WHAT THE TASK REQUIRES:
Every line of the entries below that includes "choose" belongs in the answer, copied as written.

Dataset excerpts:
● ● ● ●

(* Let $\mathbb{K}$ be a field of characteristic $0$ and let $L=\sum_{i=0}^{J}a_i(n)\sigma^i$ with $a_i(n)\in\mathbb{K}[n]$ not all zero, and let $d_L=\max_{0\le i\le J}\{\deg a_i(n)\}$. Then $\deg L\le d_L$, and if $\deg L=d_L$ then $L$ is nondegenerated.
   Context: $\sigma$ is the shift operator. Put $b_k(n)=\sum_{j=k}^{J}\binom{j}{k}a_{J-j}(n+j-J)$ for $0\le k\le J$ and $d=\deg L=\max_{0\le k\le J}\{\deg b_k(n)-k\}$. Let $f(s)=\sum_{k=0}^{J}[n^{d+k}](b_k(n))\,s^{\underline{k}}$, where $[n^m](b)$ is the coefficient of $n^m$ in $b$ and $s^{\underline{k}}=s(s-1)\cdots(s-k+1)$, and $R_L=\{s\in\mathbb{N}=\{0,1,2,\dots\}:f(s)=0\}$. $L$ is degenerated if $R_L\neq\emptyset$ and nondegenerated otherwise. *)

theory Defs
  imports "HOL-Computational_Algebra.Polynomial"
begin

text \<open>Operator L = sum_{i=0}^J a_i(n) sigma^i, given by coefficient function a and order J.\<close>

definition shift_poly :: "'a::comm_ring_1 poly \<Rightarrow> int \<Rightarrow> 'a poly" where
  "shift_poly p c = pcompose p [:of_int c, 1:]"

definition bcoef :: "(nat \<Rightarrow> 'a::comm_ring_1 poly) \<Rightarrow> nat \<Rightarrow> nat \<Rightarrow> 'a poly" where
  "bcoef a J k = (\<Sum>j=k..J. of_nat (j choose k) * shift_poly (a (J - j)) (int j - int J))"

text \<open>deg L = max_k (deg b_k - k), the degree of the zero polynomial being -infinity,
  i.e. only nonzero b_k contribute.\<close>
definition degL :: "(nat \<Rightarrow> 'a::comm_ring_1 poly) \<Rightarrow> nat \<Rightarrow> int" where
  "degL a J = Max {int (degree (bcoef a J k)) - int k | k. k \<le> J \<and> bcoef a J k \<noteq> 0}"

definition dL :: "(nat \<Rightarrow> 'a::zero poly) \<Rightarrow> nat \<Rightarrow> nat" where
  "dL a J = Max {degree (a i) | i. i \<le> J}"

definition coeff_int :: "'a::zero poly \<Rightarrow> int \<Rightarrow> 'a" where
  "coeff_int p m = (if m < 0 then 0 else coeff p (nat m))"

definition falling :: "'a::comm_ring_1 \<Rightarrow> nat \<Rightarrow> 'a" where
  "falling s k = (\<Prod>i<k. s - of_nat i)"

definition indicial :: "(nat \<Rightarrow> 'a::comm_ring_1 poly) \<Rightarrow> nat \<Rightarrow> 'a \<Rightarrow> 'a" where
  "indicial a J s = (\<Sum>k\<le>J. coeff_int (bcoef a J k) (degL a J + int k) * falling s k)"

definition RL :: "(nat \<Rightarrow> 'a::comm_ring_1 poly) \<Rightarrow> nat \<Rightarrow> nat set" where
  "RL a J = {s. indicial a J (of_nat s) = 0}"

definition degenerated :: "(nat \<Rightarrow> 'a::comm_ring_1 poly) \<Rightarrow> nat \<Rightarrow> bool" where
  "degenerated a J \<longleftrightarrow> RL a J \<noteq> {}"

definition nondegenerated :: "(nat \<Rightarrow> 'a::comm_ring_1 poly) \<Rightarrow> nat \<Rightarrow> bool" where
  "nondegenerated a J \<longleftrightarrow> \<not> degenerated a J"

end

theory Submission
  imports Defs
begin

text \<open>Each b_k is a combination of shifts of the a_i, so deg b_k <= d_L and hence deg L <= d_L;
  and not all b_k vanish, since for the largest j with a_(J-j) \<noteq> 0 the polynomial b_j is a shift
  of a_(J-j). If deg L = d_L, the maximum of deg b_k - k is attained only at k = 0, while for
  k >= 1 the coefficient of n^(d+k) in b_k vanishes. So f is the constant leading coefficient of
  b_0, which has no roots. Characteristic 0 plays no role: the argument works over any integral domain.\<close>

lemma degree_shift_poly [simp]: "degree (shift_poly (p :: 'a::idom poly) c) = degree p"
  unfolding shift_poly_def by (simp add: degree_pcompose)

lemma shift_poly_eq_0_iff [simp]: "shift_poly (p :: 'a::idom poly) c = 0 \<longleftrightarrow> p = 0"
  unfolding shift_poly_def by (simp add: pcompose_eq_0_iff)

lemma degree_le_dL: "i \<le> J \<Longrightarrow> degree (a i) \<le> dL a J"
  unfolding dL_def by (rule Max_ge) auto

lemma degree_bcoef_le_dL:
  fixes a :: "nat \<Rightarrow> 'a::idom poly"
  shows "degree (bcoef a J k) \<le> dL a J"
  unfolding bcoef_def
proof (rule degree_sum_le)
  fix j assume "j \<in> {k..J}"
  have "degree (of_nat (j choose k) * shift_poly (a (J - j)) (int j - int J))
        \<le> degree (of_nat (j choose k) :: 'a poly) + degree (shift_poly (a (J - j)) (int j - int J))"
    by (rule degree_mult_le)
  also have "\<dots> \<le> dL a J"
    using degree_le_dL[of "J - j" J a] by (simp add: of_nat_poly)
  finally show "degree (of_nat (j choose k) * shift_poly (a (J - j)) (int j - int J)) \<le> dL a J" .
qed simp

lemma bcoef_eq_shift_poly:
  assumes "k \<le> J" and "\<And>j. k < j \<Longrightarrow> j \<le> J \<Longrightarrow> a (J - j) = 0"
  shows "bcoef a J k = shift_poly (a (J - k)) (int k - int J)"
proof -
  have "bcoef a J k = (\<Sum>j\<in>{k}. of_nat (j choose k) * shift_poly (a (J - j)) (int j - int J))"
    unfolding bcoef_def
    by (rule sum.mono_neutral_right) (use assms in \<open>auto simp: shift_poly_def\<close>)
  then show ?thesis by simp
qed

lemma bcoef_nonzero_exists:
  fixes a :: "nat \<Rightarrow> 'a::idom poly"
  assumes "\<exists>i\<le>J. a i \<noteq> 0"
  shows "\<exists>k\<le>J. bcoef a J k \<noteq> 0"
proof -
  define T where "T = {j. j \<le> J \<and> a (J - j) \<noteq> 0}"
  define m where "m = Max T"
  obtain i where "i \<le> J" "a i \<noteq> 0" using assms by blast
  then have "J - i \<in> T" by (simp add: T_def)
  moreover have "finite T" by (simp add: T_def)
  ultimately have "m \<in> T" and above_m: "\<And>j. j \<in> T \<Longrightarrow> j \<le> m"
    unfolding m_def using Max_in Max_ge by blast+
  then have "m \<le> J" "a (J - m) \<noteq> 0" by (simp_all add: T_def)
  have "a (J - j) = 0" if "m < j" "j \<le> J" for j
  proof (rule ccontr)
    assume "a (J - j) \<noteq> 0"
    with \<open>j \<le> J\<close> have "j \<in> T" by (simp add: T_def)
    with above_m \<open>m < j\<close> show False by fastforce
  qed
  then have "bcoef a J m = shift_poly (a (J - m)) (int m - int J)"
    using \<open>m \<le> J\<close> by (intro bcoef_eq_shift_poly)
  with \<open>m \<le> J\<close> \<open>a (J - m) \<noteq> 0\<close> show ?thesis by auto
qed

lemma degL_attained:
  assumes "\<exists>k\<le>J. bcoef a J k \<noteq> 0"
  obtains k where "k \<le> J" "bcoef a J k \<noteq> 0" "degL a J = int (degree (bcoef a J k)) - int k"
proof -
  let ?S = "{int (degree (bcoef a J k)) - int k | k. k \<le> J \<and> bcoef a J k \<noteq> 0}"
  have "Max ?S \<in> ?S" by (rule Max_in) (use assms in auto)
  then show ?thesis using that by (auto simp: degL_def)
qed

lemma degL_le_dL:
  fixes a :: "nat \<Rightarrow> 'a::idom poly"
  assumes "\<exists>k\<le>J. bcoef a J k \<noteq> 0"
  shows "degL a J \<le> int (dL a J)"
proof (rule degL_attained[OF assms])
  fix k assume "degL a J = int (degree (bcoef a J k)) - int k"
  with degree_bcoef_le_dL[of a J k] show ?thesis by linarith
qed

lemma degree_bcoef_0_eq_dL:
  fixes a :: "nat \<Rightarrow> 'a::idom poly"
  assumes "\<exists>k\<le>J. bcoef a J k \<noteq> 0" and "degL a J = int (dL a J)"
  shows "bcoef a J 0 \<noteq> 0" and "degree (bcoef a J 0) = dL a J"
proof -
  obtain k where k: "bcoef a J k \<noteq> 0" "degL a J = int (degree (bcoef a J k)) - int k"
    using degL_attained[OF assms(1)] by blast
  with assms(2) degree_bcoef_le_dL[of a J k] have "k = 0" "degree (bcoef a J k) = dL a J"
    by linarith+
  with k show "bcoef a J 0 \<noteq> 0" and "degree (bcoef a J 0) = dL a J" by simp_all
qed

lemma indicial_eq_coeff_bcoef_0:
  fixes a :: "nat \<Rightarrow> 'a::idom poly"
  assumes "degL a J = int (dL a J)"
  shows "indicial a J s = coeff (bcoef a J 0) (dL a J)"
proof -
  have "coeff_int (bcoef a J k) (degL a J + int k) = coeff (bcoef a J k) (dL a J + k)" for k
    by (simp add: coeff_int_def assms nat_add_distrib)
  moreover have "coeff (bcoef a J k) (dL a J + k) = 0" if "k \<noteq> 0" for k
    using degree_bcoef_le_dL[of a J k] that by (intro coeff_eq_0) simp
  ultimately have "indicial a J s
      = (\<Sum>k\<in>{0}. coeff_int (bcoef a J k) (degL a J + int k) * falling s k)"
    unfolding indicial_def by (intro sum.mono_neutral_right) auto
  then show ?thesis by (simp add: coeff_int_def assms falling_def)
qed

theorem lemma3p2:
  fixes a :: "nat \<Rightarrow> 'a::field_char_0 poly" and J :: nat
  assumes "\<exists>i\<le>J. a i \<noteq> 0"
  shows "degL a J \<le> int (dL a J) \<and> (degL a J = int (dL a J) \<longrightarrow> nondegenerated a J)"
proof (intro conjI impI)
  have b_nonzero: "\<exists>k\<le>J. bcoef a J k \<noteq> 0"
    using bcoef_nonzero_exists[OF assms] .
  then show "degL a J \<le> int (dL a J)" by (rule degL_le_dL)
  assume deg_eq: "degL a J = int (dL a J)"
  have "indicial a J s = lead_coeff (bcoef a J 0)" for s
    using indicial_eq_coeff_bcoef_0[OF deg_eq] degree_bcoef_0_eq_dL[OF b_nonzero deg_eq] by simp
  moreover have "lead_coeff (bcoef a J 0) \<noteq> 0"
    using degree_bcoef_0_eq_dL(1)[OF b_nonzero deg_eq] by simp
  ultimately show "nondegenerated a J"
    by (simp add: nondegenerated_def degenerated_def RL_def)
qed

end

● ● ● ●

ANSWER SECTION:
  "bcoef a J k = (\<Sum>j=k..J. of_nat (j choose k) * shift_poly (a (J - j)) (int j - int J))"
  have "degree (of_nat (j choose k) * shift_poly (a (J - j)) (int j - int J))
        \<le> degree (of_nat (j choose k) :: 'a poly) + degree (shift_poly (a (J - j)) (int j - int J))"
  finally show "degree (of_nat (j choose k) * shift_poly (a (J - j)) (int j - int J)) \<le> dL a J" .
  have "bcoef a J k = (\<Sum>j\<in>{k}. of_nat (j choose k) * shift_poly (a (J - j)) (int j - int J))"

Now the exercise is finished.